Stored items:
------------------------------------------------------------

(* Let $\{X_n, n\geqslant 1\}$ be a sequence of pairwise positively quadrant dependent (pairwise PQD) random variables stochastically dominated by a random variable $X$ with $\mathbb{E}|X|<\infty$. Let $\{a_n\}$ be a sequence of real constants such that $\sup_{n\geqslant 1} n^{-1}\sum_{k=1}^n a_k^2<\infty$ and \[ \sum_{1\leqslant k<j<\infty} |a_k a_j| \int_j^\infty t^{-3}\, G_{X_k,X_j}(t)\,\mathrm{d}t<\infty . \] Then $\frac{1}{n}\sum_{k=1}^n a_k(X_k-\mathbb{E}X_k)\to 0$ almost surely.
   Context: A sequence $\{X_n, n\geqslant1\}$ of random variables is pairwise PQD if $\mathbb{P}\{X_k\leqslant x_k, X_j\leqslant x_j\}-\mathbb{P}\{X_k\leqslant x_k\}\mathbb{P}\{X_j\leqslant x_j\}\geqslant 0$ for all reals $x_k,x_j$ and all positive integers $k\neq j$. A sequence $\{X_n\}$ is stochastically dominated by a random variable $X$ if there is a constant $C>0$ with $\sup_{n\geqslant1}\mathbb{P}\{|X_n|>t\}\leqslant C\,\mathbb{P}\{|X|>t\}$ for all $t>0$. For random variables $X,Y$ and $t>0$, let $g_t(s)=\max(\min(s,t),-t)$, $\Delta_{X,Y}(x,y)=\mathbb{P}\{X\leqslant x,Y\leqslant y\}-\mathbb{P}\{X\leqslant x\}\mathbb{P}\{Y\leqslant y\}$, and $G_{X,Y}(t)=\mathrm{Cov}(g_t(X),g_t(Y))=\int_{-t}^t\int_{-t}^t \Delta_{X,Y}(x,y)\,\mathrm{d}x\,\mathrm{d}y$. *)

theory Defs
  imports "HOL-Probability.Probability"
begin

definition trunc_at :: "real \<Rightarrow> real \<Rightarrow> real" where
  "trunc_at t s = max (min s t) (- t)"

definition pairwise_PQD :: "'a measure \<Rightarrow> (nat \<Rightarrow> 'a \<Rightarrow> real) \<Rightarrow> bool" where
  "pairwise_PQD M X \<longleftrightarrow>
     (\<forall>k j (x::real) (y::real). 1 \<le> k \<longrightarrow> 1 \<le> j \<longrightarrow> k \<noteq> j \<longrightarrow>
        measure M {\<omega>\<in>space M. X k \<omega> \<le> x \<and> X j \<omega> \<le> y}
          - measure M {\<omega>\<in>space M. X k \<omega> \<le> x} * measure M {\<omega>\<in>space M. X j \<omega> \<le> y} \<ge> 0)"

definition stoch_dominated :: "'a measure \<Rightarrow> (nat \<Rightarrow> 'a \<Rightarrow> real) \<Rightarrow> ('a \<Rightarrow> real) \<Rightarrow> bool" where
  "stoch_dominated M X Y \<longleftrightarrow>
     (\<exists>C>0. \<forall>n\<ge>1. \<forall>t>0.
        measure M {\<omega>\<in>space M. \<bar>X n \<omega>\<bar> > t} \<le> C * measure M {\<omega>\<in>space M. \<bar>Y \<omega>\<bar> > t})"

definition Gcov :: "'a measure \<Rightarrow> ('a \<Rightarrow> real) \<Rightarrow> ('a \<Rightarrow> real) \<Rightarrow> real \<Rightarrow> real" where
  "Gcov M X Y t =
     (\<integral>\<omega>. trunc_at t (X \<omega>) * trunc_at t (Y \<omega>) \<partial>M)
     - (\<integral>\<omega>. trunc_at t (X \<omega>) \<partial>M) * (\<integral>\<omega>. trunc_at t (Y \<omega>) \<partial>M)"

end

theory Submission
  imports Defs
begin

text \<open>
  Etemadi's method. Splitting \<open>a\<^sub>k\<close> and \<open>X\<^sub>k\<close> into positive and negative parts reduces the claim
  to nonnegative weights \<open>b\<^sub>k \<le> |a\<^sub>k|\<close> and nonnegative summands \<open>Z\<^sub>k = (\<plusminus>X\<^sub>k)\<^sup>+\<close>, which are
  still dominated by \<open>|Y|\<close>. Positive quadrant dependence makes the covariance of nondecreasing
  truncations of \<open>X\<^sub>k\<close> and \<open>X\<^sub>j\<close> nonnegative (Hoeffding's identity); consequently \<open>G(t)\<close> is
  nondecreasing and bounds the covariance of \<open>min(Z\<^sub>k, k)\<close> and \<open>min(Z\<^sub>j, j)\<close> by \<open>G(j)\<close> for \<open>k < j\<close>.

  Truncating \<open>Z\<^sub>k\<close> at level \<open>k\<close> changes the averages only negligibly, because \<open>E|Y| < \<infinity>\<close>.
  For the truncated centred sums, Chebyshev's inequality along \<open>n\<^sub>m = \<lfloor>\<alpha>\<^sup>m\<rfloor>\<close> gives
  probabilities summable in \<open>m\<close>: the diagonal part of the variance by \<open>E|Y| < \<infinity>\<close>, the
  off-diagonal part by \<open>G(j)/j\<^sup>2 \<le> 8 \<integral>\<^sub>j\<^sup>\<infinity> G(t)/t\<^sup>3 dt\<close> and the summability hypothesis.
  Borel--Cantelli yields convergence along \<open>n\<^sub>m\<close>; since the partial sums of nonnegative terms
  are monotone, this extends to all \<open>n\<close> as \<open>\<alpha> \<down> 1\<close>.
\<close>

section \<open>Truncation, covariance and positive quadrant dependence\<close>

definition clip :: "real \<Rightarrow> real \<Rightarrow> real \<Rightarrow> real" where
  "clip a b x = max (min x b) a"

lemma clip_measurable[measurable]: "clip a b \<in> borel_measurable borel"
  unfolding clip_def by measurable

lemma abs_clip_le: "\<bar>clip a b x\<bar> \<le> \<bar>a\<bar> + \<bar>b\<bar>"
  unfolding clip_def by auto

lemma trunc_at_eq_clip: "trunc_at t = clip (-t) t"
  by (simp add: fun_eq_iff trunc_at_def clip_def)

lemma integral_indicator_less_eq_clip:
  assumes "a \<le> b"
  shows "(\<integral>u. indicator {a..b} u * (if u < x then v else 0) \<partial>lborel) = v * (clip a b x - a)"
proof -
  consider "x \<le> a" | "a < x" "x \<le> b" | "b < x" by linarith
  then show ?thesis
  proof cases
    case 1
    then have "(\<lambda>u. indicator {a..b} u * (if u < x then v else 0)) = (\<lambda>u. 0::real)"
      by (auto simp: fun_eq_iff indicator_def)
    then show ?thesis using 1 assms by (simp add: clip_def)
  next
    case 2
    then have "(\<lambda>u. indicator {a..b} u * (if u < x then v else 0)) = (\<lambda>u. v * indicator {a..<x} u)"
      by (auto simp: fun_eq_iff indicator_def)
    then show ?thesis using 2 by (simp add: clip_def)
  next
    case 3
    then have "(\<lambda>u. indicator {a..b} u * (if u < x then v else 0)) = (\<lambda>u. v * indicator {a..b} u)"
      by (auto simp: fun_eq_iff indicator_def)
    then show ?thesis using 3 assms by (simp add: clip_def)
  qed
qed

------------------------------------------------------------

■ **PROBLEM STATEMENT**
Among the entries above, how many lines hold the word "Gcov"? Reply with only that number.

■ **REPLY TO THE TASK**
2